- Studio albums: 4
- EPs: 1
- Live albums: 2
- Compilation albums: 15
- Singles: 4
- Collaborations: 2

= Sandy Denny discography =

The Sandy Denny discography chronicles the output of British folk rock singer Sandy Denny. Her brief career, spanning 1967 to 1978, saw the release of 4 solo albums and 4 singles on several record labels.

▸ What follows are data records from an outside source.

(* Let $\mathcal{F}=(W,\preceq,\mathcal{V})$ be a finite poset model and $w_1,w_2\in W$. Then $w_1\equiv_\eta w_2$ if and only if $w_1\approx_\pm w_2$.
   Context: Fix a set PL of proposition letters. A poset model is $\mathcal{F}=(W,\preceq,\mathcal{V})$ with $(W,\preceq)$ a partial order and $\mathcal{V}:\mathrm{PL}\to\mathcal{P}(W)$. $[m;n]=\{i\in\mathbb{N}:m\le i\le n\}$, $[m;n)=\{i:m\le i<n\}$. An undirected path of length $\ell$ from $w$ is $\pi:[0;\ell]\to W$ with $\pi(0)=w$ and, for each $i\in[0;\ell)$, $\pi(i)\preceq\pi(i+1)$ or $\pi(i+1)\preceq\pi(i)$. A $\downarrow$-path is an undirected path of length $\ell\ge1$ with $\pi(\ell)\preceq\pi(\ell-1)$. A $\pm$-path is a $\downarrow$-path of length $\ell\ge2$ with $\pi(0)\preceq\pi(1)$. SLCS$_\eta$ formulas: $\Phi::=p\mid\neg\Phi\mid\Phi_1\wedge\Phi_2\mid\eta(\Phi_1,\Phi_2)$; $w\models p$ iff $w\in\mathcal{V}(p)$; negation, conjunction standard; $w\models\eta(\Phi_1,\Phi_2)$ iff some $\pm$-path $\pi:[0;\ell]\to W$ from $w$ has $\pi(\ell)\models\Phi_2$ and $\pi(i)\models\Phi_1$ for all $i\in[0;\ell)$. $w_1\equiv_\eta w_2$ means $w_1,w_2$ satisfy the same SLCS$_\eta$ formulas. A weak $\pm$-bisimulation is a symmetric relation $B\subseteq W\times W$ such that whenever $B(w_1,w_2)$: (1) for every $p$, $w_1\in\mathcal{V}(p)$ iff $w_2\in\mathcal{V}(p)$; (2) for all $u_1,d_1\in W$ with ($w_1\preceq u_1$ or $u_1\preceq w_1$) and $d_1\preceq u_1$, there is a $\pm$-path $\pi_2:[0;\ell_2]\to W$ from $w_2$ with $B(d_1,\pi_2(\ell_2))$ and, for all $j\in[0;\ell_2)$, $B(w_1,\pi_2(j))$ or $B(u_1,\pi_2(j))$. $w_1\approx_\pm w_2$ iff some weak $\pm$-bisimulation contains $(w_1,w_2)$. *)

theory Defs
  imports Main
begin

definition poset_model :: "'w set \<Rightarrow> ('w \<Rightarrow> 'w \<Rightarrow> bool) \<Rightarrow> ('p \<Rightarrow> 'w set) \<Rightarrow> bool" where
  "poset_model W le V \<longleftrightarrow>
     (\<forall>x\<in>W. le x x) \<and>
     (\<forall>x\<in>W. \<forall>y\<in>W. le x y \<and> le y x \<longrightarrow> x = y) \<and>
     (\<forall>x\<in>W. \<forall>y\<in>W. \<forall>z\<in>W. le x y \<and> le y z \<longrightarrow> le x z) \<and>
     (\<forall>p. V p \<subseteq> W)"

datatype 'p slcs_eta =
    Prop 'p
  | Neg "'p slcs_eta"
  | Conj "'p slcs_eta" "'p slcs_eta"
  | Eta "'p slcs_eta" "'p slcs_eta"

definition undirected_path :: "'w set \<Rightarrow> ('w \<Rightarrow> 'w \<Rightarrow> bool) \<Rightarrow> (nat \<Rightarrow> 'w) \<Rightarrow> nat \<Rightarrow> 'w \<Rightarrow> bool" where
  "undirected_path W le \<pi> l w \<longleftrightarrow>
     (\<forall>i\<le>l. \<pi> i \<in> W) \<and> \<pi> 0 = w \<and>
     (\<forall>i<l. le (\<pi> i) (\<pi> (Suc i)) \<or> le (\<pi> (Suc i)) (\<pi> i))"
(* Let $\mathcal T$ be a self-orthogonal subcategory of $\mathcal C$. Then ${}_{\mathcal T}\mathcal X$ is closed under extensions, under direct summands, and under cones of inflations; the last means: for every $\mathbb E$-triangle $A\to B\to C\dashrightarrow$ with $A,B\in{}_{\mathcal T}\mathcal X$ one has $C\in{}_{\mathcal T}\mathcal X$.
   Context: $(\mathcal C,\mathbb E,\mathfrak s)$ is an extriangulated category in the sense of Nakaoka–Palu, Krull–Schmidt, with enough projectives and enough injectives; subcategories are full, additive, closed under isomorphisms. Higher extensions: $\mathbb E^1=\mathbb E$, $\mathbb E^{i+1}(X,Y)=\mathbb E(\Omega^iX,Y)\cong\mathbb E(X,\Sigma^iY)$. $\mathcal T$ is self-orthogonal if $\mathbb E^i(T_1,T_2)=0$ for all $i\ge1$, $T_1,T_2\in\mathcal T$. $\mathcal T^{\perp}=\{Y:\mathbb E^i(T,Y)=0\ \forall i\ge1,\forall T\in\mathcal T\}$. ${}_{\mathcal T}\mathcal X$ is the subcategory of objects $A$ for which there exist $\mathbb E$-triangles $K_{i+1}\to T_i\to K_i\dashrightarrow$ for all $i\ge0$ with $K_0=A$, $T_i\in\mathcal T$ and $K_{i+1}\in\mathcal T^{\perp}$ for all $i$. Closed under extensions: for every $\mathbb E$-triangle $A\to B\to C\dashrightarrow$ with $A,C$ in the subcategory, $B$ is in it. *)

theory Defs
  imports Main
begin

text \<open>
  An extriangulated category (Nakaoka--Palu) is encoded as a record of data
  together with a predicate collecting all axioms.  Objects are all elements
  of the type 'o.  Morphisms live in an abelian group type 'm; the hom-set
  from X to Y is the subgroup hom C X Y (hom-sets may share the zero element,
  which is harmless since every statement is relativised to hom-sets).
  Composition: cmp C g f is "g after f".  Extensions live in an abelian group
  type 'e; ext C Z A is the group E(Z,A).  push C a d is a_* d and pull C c d
  is c^* d.  conf C A B Z x y d means that the sequence A --x--> B --y--> Z
  lies in the realization class s(d), i.e. A --x--> B --y--> Z --d--> is an
  E-triangle.
\<close>

record ('o, 'm, 'e) extri_data =
  hom  :: "'o \<Rightarrow> 'o \<Rightarrow> 'm set"
  cmp  :: "'m \<Rightarrow> 'm \<Rightarrow> 'm"
  idm  :: "'o \<Rightarrow> 'm"
  ext  :: "'o \<Rightarrow> 'o \<Rightarrow> 'e set"
  push :: "'m \<Rightarrow> 'e \<Rightarrow> 'e"
  pull :: "'m \<Rightarrow> 'e \<Rightarrow> 'e"
  conf :: "'o \<Rightarrow> 'o \<Rightarrow> 'o \<Rightarrow> 'm \<Rightarrow> 'm \<Rightarrow> 'e \<Rightarrow> bool"

type_synonym ('o, 'm, 'e) extri = "('o, 'm, 'e) extri_data"

definition is_iso :: "('o, 'm::ab_group_add, 'e) extri \<Rightarrow> 'o \<Rightarrow> 'o \<Rightarrow> 'm \<Rightarrow> bool" where
  "is_iso C X Y f \<longleftrightarrow> f \<in> hom C X Y \<and>
     (\<exists>g \<in> hom C Y X. cmp C g f = idm C X \<and> cmp C f g = idm C Y)"

definition isomorphic :: "('o, 'm::ab_group_add, 'e) extri \<Rightarrow> 'o \<Rightarrow> 'o \<Rightarrow> bool" where
  "isomorphic C X Y \<longleftrightarrow> (\<exists>f. is_iso C X Y f)"

definition is_zero_obj :: "('o, 'm::ab_group_add, 'e) extri \<Rightarrow> 'o \<Rightarrow> bool" where
  "is_zero_obj C Z \<longleftrightarrow> (\<forall>X. hom C Z X = {0} \<and> hom C X Z = {0})"

definition biproduct :: "('o, 'm::ab_group_add, 'e) extri \<Rightarrow> 'o \<Rightarrow> 'o \<Rightarrow> 'o \<Rightarrow>
    'm \<Rightarrow> 'm \<Rightarrow> 'm \<Rightarrow> 'm \<Rightarrow> bool" where
  "biproduct C X Y S i1 i2 p1 p2 \<longleftrightarrow>
     i1 \<in> hom C X S \<and> i2 \<in> hom C Y S \<and> p1 \<in> hom C S X \<and> p2 \<in> hom C S Y \<and>
     cmp C p1 i1 = idm C X \<and> cmp C p2 i2 = idm C Y \<and>
     cmp C p1 i2 = 0 \<and> cmp C p2 i1 = 0 \<and>
     cmp C i1 p1 + cmp C i2 p2 = idm C S"

definition additive_cat :: "('o, 'm::ab_group_add, 'e) extri \<Rightarrow> bool" where
  "additive_cat C \<longleftrightarrow>
     (\<forall>X Y Z f g. f \<in> hom C X Y \<longrightarrow> g \<in> hom C Y Z \<longrightarrow> cmp C g f \<in> hom C X Z) \<and>
     (\<forall>X. idm C X \<in> hom C X X) \<and>
     (\<forall>W X Y Z f g h. f \<in> hom C W X \<longrightarrow> g \<in> hom C X Y \<longrightarrow> h \<in> hom C Y Z \<longrightarrow>
         cmp C h (cmp C g f) = cmp C (cmp C h g) f) \<and>
     (\<forall>X Y f. f \<in> hom C X Y \<longrightarrow> cmp C f (idm C X) = f \<and> cmp C (idm C Y) f = f) \<and>
     (\<forall>X Y. 0 \<in> hom C X Y \<and> (\<forall>f \<in> hom C X Y. \<forall>g \<in> hom C X Y. f + g \<in> hom C X Y) \<and>
         (\<forall>f \<in> hom C X Y. - f \<in> hom C X Y)) \<and>
     (\<forall>X Y Z f f' g. f \<in> hom C X Y \<longrightarrow> f' \<in> hom C X Y \<longrightarrow> g \<in> hom C Y Z \<longrightarrow>
         cmp C g (f + f') = cmp C g f + cmp C g f') \<and>
     (\<forall>X Y Z f g g'. f \<in> hom C X Y \<longrightarrow> g \<in> hom C Y Z \<longrightarrow> g' \<in> hom C Y Z \<longrightarrow>
         cmp C (g + g') f = cmp C g f + cmp C g' f) \<and>
     (\<exists>Z. is_zero_obj C Z) \<and>
     (\<forall>X Y. \<exists>S i1 i2 p1 p2. biproduct C X Y S i1 i2 p1 p2)"

definition local_obj :: "('o, 'm::ab_group_add, 'e) extri \<Rightarrow> 'o \<Rightarrow> bool" where
  "local_obj C X \<longleftrightarrow> idm C X \<noteq> 0 \<and>
     (\<forall>f \<in> hom C X X. is_iso C X X f \<or> is_iso C X X (idm C X - f))"
(* Let $p>1$ and $q>1$ be real numbers with $\frac1p+\frac1q=1$. For nonnegative random variables $X,Y$ defined on a common probability space with $\|X\|_p+\|Y\|_p+\|Y\|_q<\infty$, and for $\vartheta\in[0,1]$, define $$\mathcal{E}_{p,\vartheta}(X):=\big(\|X\|_p^p-\vartheta^p\|X\|_1^p\big)^{1/p},\qquad \mathcal{C}_{p,\vartheta}(X,Y):=\mathbb{E}X^{p-1}Y-\vartheta^p(\mathbb{E}X)^{p-1}\,\mathbb{E}Y.$$ (a) If $p\le 2$ (so $1<p\le2$), then for all $\vartheta\in[0,1]$ and all such $X,Y$, $$\mathcal{E}_{p,\vartheta}(X+Y)\le\mathcal{E}_{p,\vartheta}(X)+\mathcal{E}_{p,\vartheta}(Y)$$ and $$\mathcal{C}_{p,\vartheta}(X,Y)\le\mathcal{E}_{p,\vartheta}(X)^{p-1}\,\mathcal{E}_{p,\vartheta}(Y).$$ (b) For any real $p>2$ and any $\vartheta\in(0,1]$, neither of these two inequalities holds in general: there exist such nonnegative $X,Y$ for which the first inequality fails, and there exist such nonnegative $X,Y$ for which the second inequality fails.
   Context: $\|X\|_r:=(\mathbb{E}|X|^r)^{1/r}$. The quantity $\mathcal{E}_{p,\vartheta}(X)$ is well defined (the expression under the $p$th root is nonnegative) since $\|X\|_1\le\|X\|_p$. For $\vartheta=0$ the two inequalities reduce to the Minkowski and Hölder inequalities, and for $\vartheta=1$, $\mathcal{E}_{p,1}(X)=(\|X\|_p^p-\|X\|_1^p)^{1/p}$ is the "$p$-excess" of $X$. *)

theory Defs
  imports "HOL-Probability.Probability"
begin

definition Lnorm :: "'a measure \<Rightarrow> real \<Rightarrow> ('a \<Rightarrow> real) \<Rightarrow> real" where
  "Lnorm M r X = (\<integral>x. \<bar>X x\<bar> powr r \<partial>M) powr (1 / r)"

definition Lnorm_finite :: "'a measure \<Rightarrow> real \<Rightarrow> ('a \<Rightarrow> real) \<Rightarrow> bool" where
  "Lnorm_finite M r X \<longleftrightarrow> X \<in> borel_measurable M \<and>
     (\<integral>\<^sup>+ x. ennreal (\<bar>X x\<bar> powr r) \<partial>M) < \<infinity>"

definition Exc :: "'a measure \<Rightarrow> real \<Rightarrow> real \<Rightarrow> ('a \<Rightarrow> real) \<Rightarrow> real" where
  "Exc M p \<theta> X = (Lnorm M p X powr p - \<theta> powr p * Lnorm M 1 X powr p) powr (1 / p)"

definition Cov :: "'a measure \<Rightarrow> real \<Rightarrow> real \<Rightarrow> ('a \<Rightarrow> real) \<Rightarrow> ('a \<Rightarrow> real) \<Rightarrow> real" where
  "Cov M p \<theta> X Y = (\<integral>x. X x powr (p - 1) * Y x \<partial>M)
      - \<theta> powr p * (\<integral>x. X x \<partial>M) powr (p - 1) * (\<integral>x. Y x \<partial>M)"

definition admissible :: "'a measure \<Rightarrow> real \<Rightarrow> real \<Rightarrow> ('a \<Rightarrow> real) \<Rightarrow> ('a \<Rightarrow> real) \<Rightarrow> bool" where
  "admissible M p q X Y \<longleftrightarrow> prob_space M \<and>
     (\<forall>x\<in>space M. X x \<ge> 0 \<and> Y x \<ge> 0) \<and>
     Lnorm_finite M p X \<and> Lnorm_finite M p Y \<and> Lnorm_finite M q Y"

end

theory Submission
  imports Defs
begin

text \<open>Write \<open>E\<close> and \<open>C\<close> for \<open>Exc M p \<theta>\<close> and \<open>Cov M p \<theta>\<close>. For \<open>1 < p \<le> 2\<close> the Bregman
  divergence \<open>D(y, x) = y^p - x^p - p x^(p-1) (y - x)\<close> of \<open>t^p\<close> is jointly convex (its Hessian
  has nonnegative determinant by weighted AM-GM), so Jensen's inequality bounds \<open>D\<close> at the
  means by the mean of \<open>D(Y, X)\<close>. As \<open>D \<ge> 0\<close> and \<open>\<theta>^p \<le> 1\<close>, this is the Young-type bound
  \<open>p C(X, Y) \<le> E(Y)^p + (p - 1) E(X)^p\<close>, and optimising over rescalings of \<open>Y\<close> gives
  \<open>C(X, Y) \<le> E(X)^(p-1) E(Y)\<close>. Minkowski follows as usual from
  \<open>E(X + Y)^p = C(X + Y, X) + C(X + Y, Y)\<close>.

  For \<open>p > 2\<close> take \<open>X = (1, 0)\<close> and \<open>Y = (1, \<epsilon>)\<close> on a uniform two-point space: the
  Jensen gap of \<open>Y\<close> is of order \<open>\<epsilon>^2\<close> while its \<open>p\<close>-th moment only gains \<open>\<epsilon>^p\<close>, so the
  covariance inequality fails for small \<open>\<epsilon>\<close>; comparing derivatives at \<open>t = 0\<close> then shows
  that the triangle inequality fails for \<open>X\<close> and \<open>t Y\<close> with \<open>t\<close> small.\<close>

definition bregman_powr :: "real \<Rightarrow> real \<Rightarrow> real \<Rightarrow> real" where
  "bregman_powr p y x = y powr p + (p - 1) * x powr p - p * (x powr (p - 1) * y)"

lemma bregman_powr_nonneg:
  fixes p x y :: real
  assumes p: "p > 1" and x: "x \<ge> 0" and y: "y \<ge> 0"
  shows "0 \<le> bregman_powr p y x"
proof -
  define q where "q = p / (p - 1)"
  have q: "q > 1" "1/p + 1/q = 1" using p by (auto simp: q_def field_simps)
  have "y * x powr (p - 1) \<le> y powr p / p + (x powr (p - 1)) powr q / q"
    using Youngs_inequality[OF p q y] x by simp
  also have "(x powr (p - 1)) powr q = x powr p"
    using p by (simp add: powr_powr q_def)
  finally have "p * (y * x powr (p - 1)) \<le> p * (y powr p / p + x powr p / q)"
    using p by (intro mult_left_mono) auto
  also have "\<dots> = y powr p + (p - 1) * x powr p"
    using p by (simp add: q_def field_simps)
  finally show ?thesis by (simp add: bregman_powr_def mult_ac)
qed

Denny was the lead singer of the group Fairport Convention, and fronted the band through several of their most highly regarded albums: What We Did on Our Holidays, Unhalfbricking, and Liege & Lief were all released by the band during 1969, and are today considered touchstones in the progression of British folk rock. Fairport guitarist and songwriter Richard Thompson would prove to be an important collaborator in Denny's life, and he would go on to perform guitar duties on each of her solo albums.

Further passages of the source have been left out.